DATA >>
lemma Lr_norm_le:
  assumes "0 < T" and "1 \<le> r"
    and meas: "(\<lambda>t. ereal \<bar>g t\<bar>) \<in> borel_measurable (restrict_space lborel {0<..<T})"
    and bound: "\<And>t. t \<in> {0<..<T} \<Longrightarrow> \<bar>g t\<bar> \<le> E"
  shows "Lr_norm r T g \<le> ereal (E * (1 + T))"
proof -
  have "0 \<le> E"
    using bound[of "T / 2"] \<open>0 < T\<close> by auto
  show ?thesis
  proof (cases "r = \<infinity>")
    case True
    have "esssup (restrict_space lborel {0<..<T}) (\<lambda>t. ereal \<bar>g t\<bar>) \<le> ereal E"
      using meas bound by (intro esssup_I AE_I2) (auto simp: space_restrict_space)
    moreover have "E \<le> E * (1 + T)"
      using \<open>0 \<le> E\<close> \<open>0 < T\<close> by (simp add: mult_le_cancel_left1)
    ultimately show ?thesis
      using True by (simp add: Lr_norm_def order_trans)
  next
    case False
    then obtain p where r: "r = ereal p"
      using \<open>1 \<le> r\<close> by (cases r) auto
    have "1 \<le> p"
      using \<open>1 \<le> r\<close> r by simp
    let ?I = "\<integral>\<^sup>+ t\<in>{0<..<T}. ennreal (\<bar>g t\<bar> powr p) \<partial>lborel"
    have I_le: "?I \<le> ennreal (E powr p * T)"
      using \<open>0 < T\<close> \<open>1 \<le> p\<close> bound by (intro set_nn_integral_powr_le) auto
    then have "?I \<noteq> \<infinity>"
      using ennreal_neq_top neq_top_trans by (metis infinity_ennreal_def)
    have "enn2real ?I powr (1 / p) \<le> (E powr p * T) powr (1 / p)"
      using enn2real_mono[OF I_le] \<open>1 \<le> p\<close> \<open>0 < T\<close> by (intro powr_mono2) auto
    also have "\<dots> = E * T powr (1 / p)"
      using \<open>1 \<le> p\<close> \<open>0 \<le> E\<close> by (simp add: powr_mult powr_powr)
    also have "\<dots> \<le> E * (1 + T)"
      using \<open>0 < T\<close> \<open>1 \<le> p\<close> \<open>0 \<le> E\<close> by (intro mult_left_mono powr_inverse_le_one_plus) auto
    finally show ?thesis
      using \<open>?I \<noteq> \<infinity>\<close> False r by (simp add: Lr_norm_def Let_def)
  qed
qed

section \<open>Tails of the exponential series\<close>

definition exp_tail :: "real \<Rightarrow> nat \<Rightarrow> real" where
  "exp_tail c N = (\<Sum>k. if N \<le> k then c ^ k / fact k else 0)"

lemma sums_exp_tail:
  fixes c :: real
  shows "(\<lambda>k. if N \<le> k then c ^ k / fact k else 0) sums (exp c - (\<Sum>k<N. c ^ k / fact k))"
proof -
  have "(\<lambda>k. c ^ k / fact k) sums exp c"
    using exp_converges[of c] by (simp add: real_scaleR_def divide_inverse mult.commute)
  moreover have "(\<lambda>k. if k < N then c ^ k / fact k else 0) sums (\<Sum>k<N. c ^ k / fact k)"
    using sums_If_finite_set[of "{..<N}" "\<lambda>k. c ^ k / fact k"] by simp
  ultimately have "(\<lambda>k. c ^ k / fact k - (if k < N then c ^ k / fact k else 0))
      sums (exp c - (\<Sum>k<N. c ^ k / fact k))"
    by (rule sums_diff)
  also have "(\<lambda>k. c ^ k / fact k - (if k < N then c ^ k / fact k else 0))
      = (\<lambda>k. if N \<le> k then c ^ k / fact k else 0)"
    by (auto simp: fun_eq_iff)
  finally show ?thesis .
qed

lemma summable_exp_tail_terms: "summable (\<lambda>k. if N \<le> k then (c :: real) ^ k / fact k else 0)"
  by (rule sums_summable[OF sums_exp_tail])

lemma exp_tail_eq: "exp_tail c N = exp c - (\<Sum>k<N. c ^ k / fact k)"
  unfolding exp_tail_def by (rule sums_unique[OF sums_exp_tail, symmetric])

lemma exp_tail_mono:
  assumes "0 \<le> c" and "c \<le> c'"
  shows "exp_tail c N \<le> exp_tail c' N"
  unfolding exp_tail_def
  using assms by (intro suminf_le summable_exp_tail_terms) (auto intro: divide_right_mono power_mono)

lemma exp_tail_nonneg: "0 \<le> c \<Longrightarrow> 0 \<le> exp_tail c N"
  unfolding exp_tail_def by (intro suminf_nonneg summable_exp_tail_terms) auto

lemma exp_tail_tendsto_0: "exp_tail c \<longlonglongrightarrow> 0"
proof -
  have "(\<lambda>k. c ^ k / fact k) sums exp c"
    using sums_exp_tail[of 0 c] by simp
  then have "(\<lambda>N. exp c - (\<Sum>k<N. c ^ k / fact k)) \<longlonglongrightarrow> exp c - exp c"
    by (intro tendsto_diff tendsto_const) (simp add: sums_def)
  then show ?thesis
    by (simp add: exp_tail_eq[abs_def])
qed

section \<open>Finite propagation of the Laplacian\<close>

lemma laplacian_power_delta_support:
  assumes "weighted_graph b m" and "(laplacian b m ^^ k) (delta m x) y \<noteq> 0"
  shows "\<exists>j\<le>k. (edge b ^^ j) y x"
  using assms(2)
proof (induction k arbitrary: y)
  case 0
  then show ?case
    by (simp add: delta_def split: if_splits)
next
  case (Suc k)
  let ?f = "(laplacian b m ^^ k) (delta m x)"
  show ?case
  proof (rule ccontr)
    assume no_path: "\<not> (\<exists>j\<le>Suc k. (edge b ^^ j) y x)"
    have "?f y = 0"
      using Suc.IH no_path le_SucI by blast
    moreover have "?f z = 0" if "edge b y z" for z
      using Suc.IH[of z] no_path that by (metis Suc_le_mono relpowp_Suc_I2)
    moreover have "0 \<le> b y z" for z
      using assms(1) by (simp add: weighted_graph_def)
    ultimately have "b y z * (?f y - ?f z) = 0" for z
      by (cases "edge b y z") (auto simp: edge_def not_less intro: antisym)
    then have "(\<Sum>\<^sub>\<infinity>z. b y z * (?f y - ?f z)) = 0"
      by (rule infsum_0)
    then have "laplacian b m ?f y = 0"
      by (simp add: laplacian_def)
    with Suc.prems show False
      by simp
  qed
qed

lemma laplacian_power_delta_vanishes:
  assumes "weighted_graph b m" and "k < d_comb b y x"
  shows "(laplacian b m ^^ k) (delta m x) y = 0"
proof (rule ccontr)
  assume "(laplacian b m ^^ k) (delta m x) y \<noteq> 0"
  then obtain j where "j \<le> k" and "(edge b ^^ j) y x"
    using laplacian_power_delta_support[OF assms(1)] by blast
  then have "d_comb b y x \<le> k"
    unfolding d_comb_def by (meson Least_le le_trans)
  with assms(2) show False
    by simp
qed

lemma not_rel_dense_imp_far_sequence:
  assumes "\<not> rel_dense b D"
  obtains xs where "\<And>n y. y \<in> D \<Longrightarrow> n < d_comb b y (xs n)"
proof -
  have "\<exists>p. \<forall>y\<in>D. n < d_comb b y p" for n :: nat
  proof -
    have "(\<Union>y\<in>D. {p. real (d_comb b y p) \<le> real n + 1}) \<noteq> UNIV"
      using assms unfolding rel_dense_def by (metis add_nonneg_pos of_nat_0_le_iff zero_less_one)
    then obtain p where "p \<notin> (\<Union>y\<in>D. {p. real (d_comb b y p) \<le> real n + 1})"
      by blast
    then show ?thesis
      by (intro exI[of _ p]) (auto simp: not_le)
  qed
  then show ?thesis
    using that by metis
qed

section \<open>Laplacian and semigroup under a degree bound\<close>

lemma borel_measurable_semigroup [measurable]:
  "(\<lambda>t. semigroup b m t f y) \<in> borel_measurable borel"
  unfolding semigroup_def by measurable

locale degree_bounded_graph =
  fixes b :: "'a::countable \<Rightarrow> 'a \<Rightarrow> real" and m :: "'a \<Rightarrow> real" and C :: real
  assumes weighted_graph: "weighted_graph b m"
    and degree_le: "(\<Sum>\<^sub>\<infinity>y. b x y) \<le> C * m x"
begin

lemma m_pos: "0 < m x"
  and b_sym: "b x y = b y x"
  and b_nonneg: "0 \<le> b x y"
  and b_summable: "b x summable_on UNIV"
  using weighted_graph unfolding weighted_graph_def by auto

lemma C_nonneg: "0 \<le> C"
proof -
  have "0 \<le> (\<Sum>\<^sub>\<infinity>y. b x y)"
    by (simp add: infsum_nonneg b_nonneg)
  then have "0 \<le> C * m x"
    using degree_le order_trans by blast
  then show ?thesis
    using m_pos[of x] by (simp add: zero_le_mult_iff)
qed

lemma summable_on_b_mult:
  assumes "\<And>z. \<bar>f z\<bar> \<le> S"
  shows "(\<lambda>z. b y z * f z) summable_on UNIV"
proof -
  have majorant: "(\<lambda>z. b y z * S) summable_on UNIV"
    using b_summable by (rule summable_on_cmult_left)
  have "norm (b y z * f z) \<le> b y z * S" for z
    using assms[of z] b_nonneg[of y z] by (simp add: abs_mult mult_left_mono)
  then have "(\<lambda>z. norm (b y z * f z)) summable_on UNIV"
    by (rule Infinite_Sum.abs_summable_on_comparison_test'[OF majorant])
  then show ?thesis
    by (rule Infinite_Sum.abs_summable_summable)
qed

lemma laplacian_abs_le:
  assumes "\<And>z. \<bar>f z\<bar> \<le> S"
  shows "m y * \<bar>laplacian b m f y\<bar> \<le> (\<Sum>\<^sub>\<infinity>z. b y z) * \<bar>f y\<bar> + (\<Sum>\<^sub>\<infinity>z. b y z * \<bar>f z\<bar>)"
proof -
  let ?g = "\<lambda>z. b y z * (f y - f z)"
  have "\<bar>f y - f z\<bar> \<le> 2 * S" for z
    using assms[of y] assms[of z] by linarith
  then have "?g summable_on UNIV"
    by (rule summable_on_b_mult)
  then have abs_g: "(\<lambda>z. \<bar>?g z\<bar>) summable_on UNIV"
    using summable_on_iff_abs_summable_on_real[of ?g UNIV] by simp
  have diag: "(\<lambda>z. b y z * \<bar>f y\<bar>) summable_on UNIV"
    using b_summable by (rule summable_on_cmult_left)
  have off_diag: "(\<lambda>z. b y z * \<bar>f z\<bar>) summable_on UNIV"
    using assms by (intro summable_on_b_mult) auto
  have "m y * \<bar>laplacian b m f y\<bar> = \<bar>\<Sum>\<^sub>\<infinity>z. ?g z\<bar>"
    using m_pos[of y] by (simp add: laplacian_def abs_mult)
  also have "\<dots> \<le> (\<Sum>\<^sub>\<infinity>z. \<bar>?g z\<bar>)"
    using norm_infsum_bound[of ?g UNIV] abs_g by simp
  also have "\<dots> \<le> (\<Sum>\<^sub>\<infinity>z. b y z * \<bar>f y\<bar> + b y z * \<bar>f z\<bar>)"
  proof (rule infsum_mono[OF abs_g summable_on_add[OF diag off_diag]])
    fix z
    have "b y z * \<bar>f y - f z\<bar> \<le> b y z * (\<bar>f y\<bar> + \<bar>f z\<bar>)"
      using b_nonneg[of y z] by (intro mult_left_mono) auto
    then show "\<bar>?g z\<bar> \<le> b y z * \<bar>f y\<bar> + b y z * \<bar>f z\<bar>"
      using b_nonneg[of y z] by (simp add: abs_mult distrib_left)
  qed
  also have "\<dots> = (\<Sum>\<^sub>\<infinity>z. b y z) * \<bar>f y\<bar> + (\<Sum>\<^sub>\<infinity>z. b y z * \<bar>f z\<bar>)"
    using diag off_diag b_summable by (simp add: infsum_add infsum_cmult_left)
  finally show ?thesis .
qed
lemma holds_hexagram_cond_q:
  assumes d: "d \<in> darts G" and f: "facial G [v1, v2, v3, v4, v5, v6]" and dg: "deg G v1 = 3"
    and V: "vertex_of G d r1 = v1" "vertex_of G d r2 = v2" "vertex_of G d r3 = v3" "vertex_of G d r6 = v6"
    and x: "adj G v1 (vertex_of G d x)"
  shows "holds G d (hexagram_cond_q r1 r2 r3 r6 x) \<longleftrightarrow> hexagram_cond G v1 v2 v3 v6 (vertex_of G d x)"
proof (cases "vertex_of G d x \<noteq> v2 \<and> vertex_of G d x \<noteq> v6 \<and> small G (vertex_of G d x) \<and>
    small G v3 \<and> small G v6")
  case False
  then show ?thesis using d V unfolding hexagram_cond_q_def hexagram_cond_def by auto
next
  case True
  have "adj G v1 v2" "adj G v1 v6" "distinct [v1, v2, v3, v4, v5, v6]"
    using facial6_adj[OF f] adj_sym f unfolding facial_def by blast+
  then have nbrs_v1: "a = v2 \<or> a = v6 \<or> a = vertex_of G d x" if "adj G v1 a" for a
    using nbrs_of_deg3[OF dg _ _ x _ that] True by auto
  let ?Q = "\<lambda>a b. (a = b \<longrightarrow> a = v2) \<and> (a \<noteq> v2 \<and> b \<noteq> v1 \<longrightarrow> \<not> adj G a b)"
  text \<open>Every neighbour of v1 other than v2 is v6 or x, hence small, so the adjacency tests are exact.\<close>
  have exact: "holds G d (q_imp (QAnd (QNot (Same_vertex (nbr i r1) r2)) (QNot (Same_vertex (nbr m r3) r1)))
      (QNot (adj_q (nbr i r1) (nbr m r3)))) \<longleftrightarrow>
    (vertex_of G d (nbr i r1) \<noteq> v2 \<and> vertex_of G d (nbr m r3) \<noteq> v1 \<longrightarrow>
      \<not> adj G (vertex_of G d (nbr i r1)) (vertex_of G d (nbr m r3)))" for i m
    using holds_adj_q[OF d] nbrs_v1[OF vertex_of_nbr_adj[OF d, of r1 i, unfolded V(1)]] True V by auto
  have "small G v1" using dg unfolding small_def by simp
  have "holds G d (q_all 60 (\<lambda>i. q_all 60 (\<lambda>m.
       QAnd (q_imp (Same_vertex (nbr i r1) (nbr m r3)) (Same_vertex (nbr i r1) r2))
         (q_imp (QAnd (QNot (Same_vertex (nbr i r1) r2)) (QNot (Same_vertex (nbr m r3) r1)))
           (QNot (adj_q (nbr i r1) (nbr m r3))))))) \<longleftrightarrow>
    (\<forall>i<60. \<forall>m<60. ?Q (vertex_of G d (nbr i r1)) (vertex_of G d (nbr m r3)))"
    using exact V by (simp del: dart_of_nbr)
  also have "\<dots> \<longleftrightarrow> (\<forall>i<60. \<forall>b. adj G v3 b \<longrightarrow> ?Q (vertex_of G d (nbr i r1)) b)"
  proof -
    have "(\<forall>m<60. ?Q a (vertex_of G d (nbr m r3))) \<longleftrightarrow> (\<forall>b. adj G v3 b \<longrightarrow> ?Q a b)" for a
      using all_nbr_terms_iff[OF d, of r3 "?Q a"] True V(3) by simp
    then show ?thesis by blast
  qed
  also have "\<dots> \<longleftrightarrow> hexagram_safe G v1 v2 v3"
    unfolding hexagram_safe_def
    using all_nbr_terms_iff[OF d, of r1 "\<lambda>a. \<forall>b. adj G v3 b \<longrightarrow> ?Q a b"] \<open>small G v1\<close> V(1)
    by (simp del: dart_of_nbr)
  finally show ?thesis
    using d True V unfolding hexagram_cond_q_def hexagram_cond_def by (simp del: dart_of_nbr)
qed

lemma holds_hexagram_q:
  assumes d: "d \<in> darts G" and f: "facial G [v1, v2, v3, v4, v5, v6]" and dg: "deg G v1 = 3"
    and V: "vertex_of G d r1 = v1" "vertex_of G d r2 = v2" "vertex_of G d r3 = v3" "vertex_of G d r6 = v6"
  shows "holds G d (hexagram_q r1 r2 r3 r6) \<longleftrightarrow> secure_hexagram G v1 v2 v3 v4 v5 v6"
proof -
  have "(\<exists>k<60. holds G d (hexagram_cond_q r1 r2 r3 r6 (nbr k r1))) \<longleftrightarrow>
      (\<exists>k<60. hexagram_cond G v1 v2 v3 v6 (vertex_of G d (nbr k r1)))"
    using holds_hexagram_cond_q[OF d f dg V vertex_of_nbr_adj[OF d, of r1, unfolded V(1)]] by simp
  also have "\<dots> \<longleftrightarrow> (\<exists>x. adj G v1 x \<and> hexagram_cond G v1 v2 v3 v6 x)"
    using ex_nbr_terms_iff[OF d, of r1] dg V(1) by simp
  finally show ?thesis unfolding hexagram_q_def secure_hexagram_iff[OF f dg] by simp
qed

end

section \<open>Pentagrams\<close>

definition no_2path_outside :: "('v, 'd) rotsys \<Rightarrow> 'v \<Rightarrow> 'v \<Rightarrow> 'v set \<Rightarrow> bool" where
  "no_2path_outside G u w Vs \<longleftrightarrow> (\<forall>a. adj G u a \<longrightarrow> a \<notin> Vs \<longrightarrow> \<not> adj G a w)"

definition no_3path_outside :: "('v, 'd) rotsys \<Rightarrow> 'v \<Rightarrow> 'v \<Rightarrow> 'v set \<Rightarrow> bool" where
  "no_3path_outside G u w Vs \<longleftrightarrow>
     (\<forall>a b. adj G u a \<longrightarrow> adj G b w \<longrightarrow> a \<notin> Vs \<longrightarrow> b \<notin> Vs \<longrightarrow> a \<noteq> w \<longrightarrow> b \<noteq> u \<longrightarrow> \<not> adj G a b)"

context simple_rotation_system
begin

lemma gpath_avoiding_3:
  assumes "u \<notin> Vs" "w \<notin> Vs" "u \<noteq> w"
  shows "gpath G [u, a, w] \<and> set [u, a, w] \<inter> Vs = {} \<longleftrightarrow>
    adj G u a \<and> adj G a w \<and> a \<notin> Vs \<and> u \<in> verts G \<and> w \<in> verts G"
  using assms adj_neq adj_in_verts by auto

lemma gpath_avoiding_4:
  assumes "u \<notin> Vs" "w \<notin> Vs" "u \<noteq> w"
  shows "gpath G [u, a, b, w] \<and> set [u, a, b, w] \<inter> Vs = {} \<longleftrightarrow>
    adj G u a \<and> adj G a b \<and> adj G b w \<and> a \<notin> Vs \<and> b \<notin> Vs \<and> a \<noteq> w \<and> b \<noteq> u \<and>
    u \<in> verts G \<and> w \<in> verts G"
  using assms adj_neq adj_in_verts by auto

lemma no_short_path_avoiding_iff:
  assumes u: "u \<in> verts G" "u \<notin> Vs" and w: "w \<in> verts G" "w \<notin> Vs"
  shows "\<not> (\<exists>ps. gpath G ps \<and> set ps \<inter> Vs = {} \<and> hd ps = u \<and> last ps = w \<and> length ps \<le> 4) \<longleftrightarrow>
    u \<noteq> w \<and> \<not> adj G u w \<and> no_2path_outside G u w Vs \<and> no_3path_outside G u w Vs"
  (is "\<not> (\<exists>ps. ?P ps) \<longleftrightarrow> ?R")
proof
  assume N: "\<not> (\<exists>ps. ?P ps)"
  have "u \<noteq> w" using N[unfolded not_ex, rule_format, of "[u]"] u by auto
  moreover have "\<not> adj G u w" using N[unfolded not_ex, rule_format, of "[u, w]"] u w calculation by auto
  moreover have "no_2path_outside G u w Vs" unfolding no_2path_outside_def
  proof (intro allI impI notI)
    fix a assume "adj G u a" "a \<notin> Vs" "adj G a w"
    then have "gpath G [u, a, w] \<and> set [u, a, w] \<inter> Vs = {}"
      using gpath_avoiding_3[OF u(2) w(2) \<open>u \<noteq> w\<close>] u w by blast
    then show False using N[unfolded not_ex, rule_format, of "[u, a, w]"] by simp
  qed
  moreover have "no_3path_outside G u w Vs" unfolding no_3path_outside_def
  proof (intro allI impI notI)
    fix a b assume "adj G u a" "adj G b w" "a \<notin> Vs" "b \<notin> Vs" "a \<noteq> w" "b \<noteq> u" "adj G a b"
    moreover have "adj G a b \<Longrightarrow> adj G b w \<Longrightarrow> gpath G [u, a, b, w] \<and> set [u, a, b, w] \<inter> Vs = {}"
      using gpath_avoiding_4[OF u(2) w(2) \<open>u \<noteq> w\<close>] u w calculation by blast
    ultimately show False using N[unfolded not_ex, rule_format, of "[u, a, b, w]"] by simp
  qed
  ultimately show ?R by blast
next
  assume R: ?R
  then have uw: "u \<noteq> w" by blast
  have "(u = w \<and> u \<in> verts G \<longrightarrow> \<not> (gpath G [u] \<and> set [u] \<inter> Vs = {})) \<and>
      (gpath G [u, w] \<longrightarrow> \<not> (gpath G [u, w] \<and> set [u, w] \<inter> Vs = {})) \<and>
      (\<forall>a. gpath G [u, a, w] \<longrightarrow> \<not> (gpath G [u, a, w] \<and> set [u, a, w] \<inter> Vs = {})) \<and>
      (\<forall>a b. gpath G [u, a, b, w] \<longrightarrow> \<not> (gpath G [u, a, b, w] \<and> set [u, a, b, w] \<inter> Vs = {}))"
    unfolding gpath_avoiding_3[OF u(2) w(2) uw] gpath_avoiding_4[OF u(2) w(2) uw]
    using R unfolding no_2path_outside_def no_3path_outside_def by auto
  then have "\<forall>ps. gpath G ps \<and> hd ps = u \<and> last ps = w \<and> length ps \<le> 4 \<longrightarrow>
      \<not> (gpath G ps \<and> set ps \<inter> Vs = {})"
    by (simp only: all_short_paths_iff)
  then show "\<not> (\<exists>ps. ?P ps)" by blast
qed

TASK DIRECTIONS >>
In the entries above, find each line with the word "lborel" and show it.

OUTPUT >>
    and meas: "(\<lambda>t. ereal \<bar>g t\<bar>) \<in> borel_measurable (restrict_space lborel {0<..<T})"
    have "esssup (restrict_space lborel {0<..<T}) (\<lambda>t. ereal \<bar>g t\<bar>) \<le> ereal E"
    let ?I = "\<integral>\<^sup>+ t\<in>{0<..<T}. ennreal (\<bar>g t\<bar> powr p) \<partial>lborel"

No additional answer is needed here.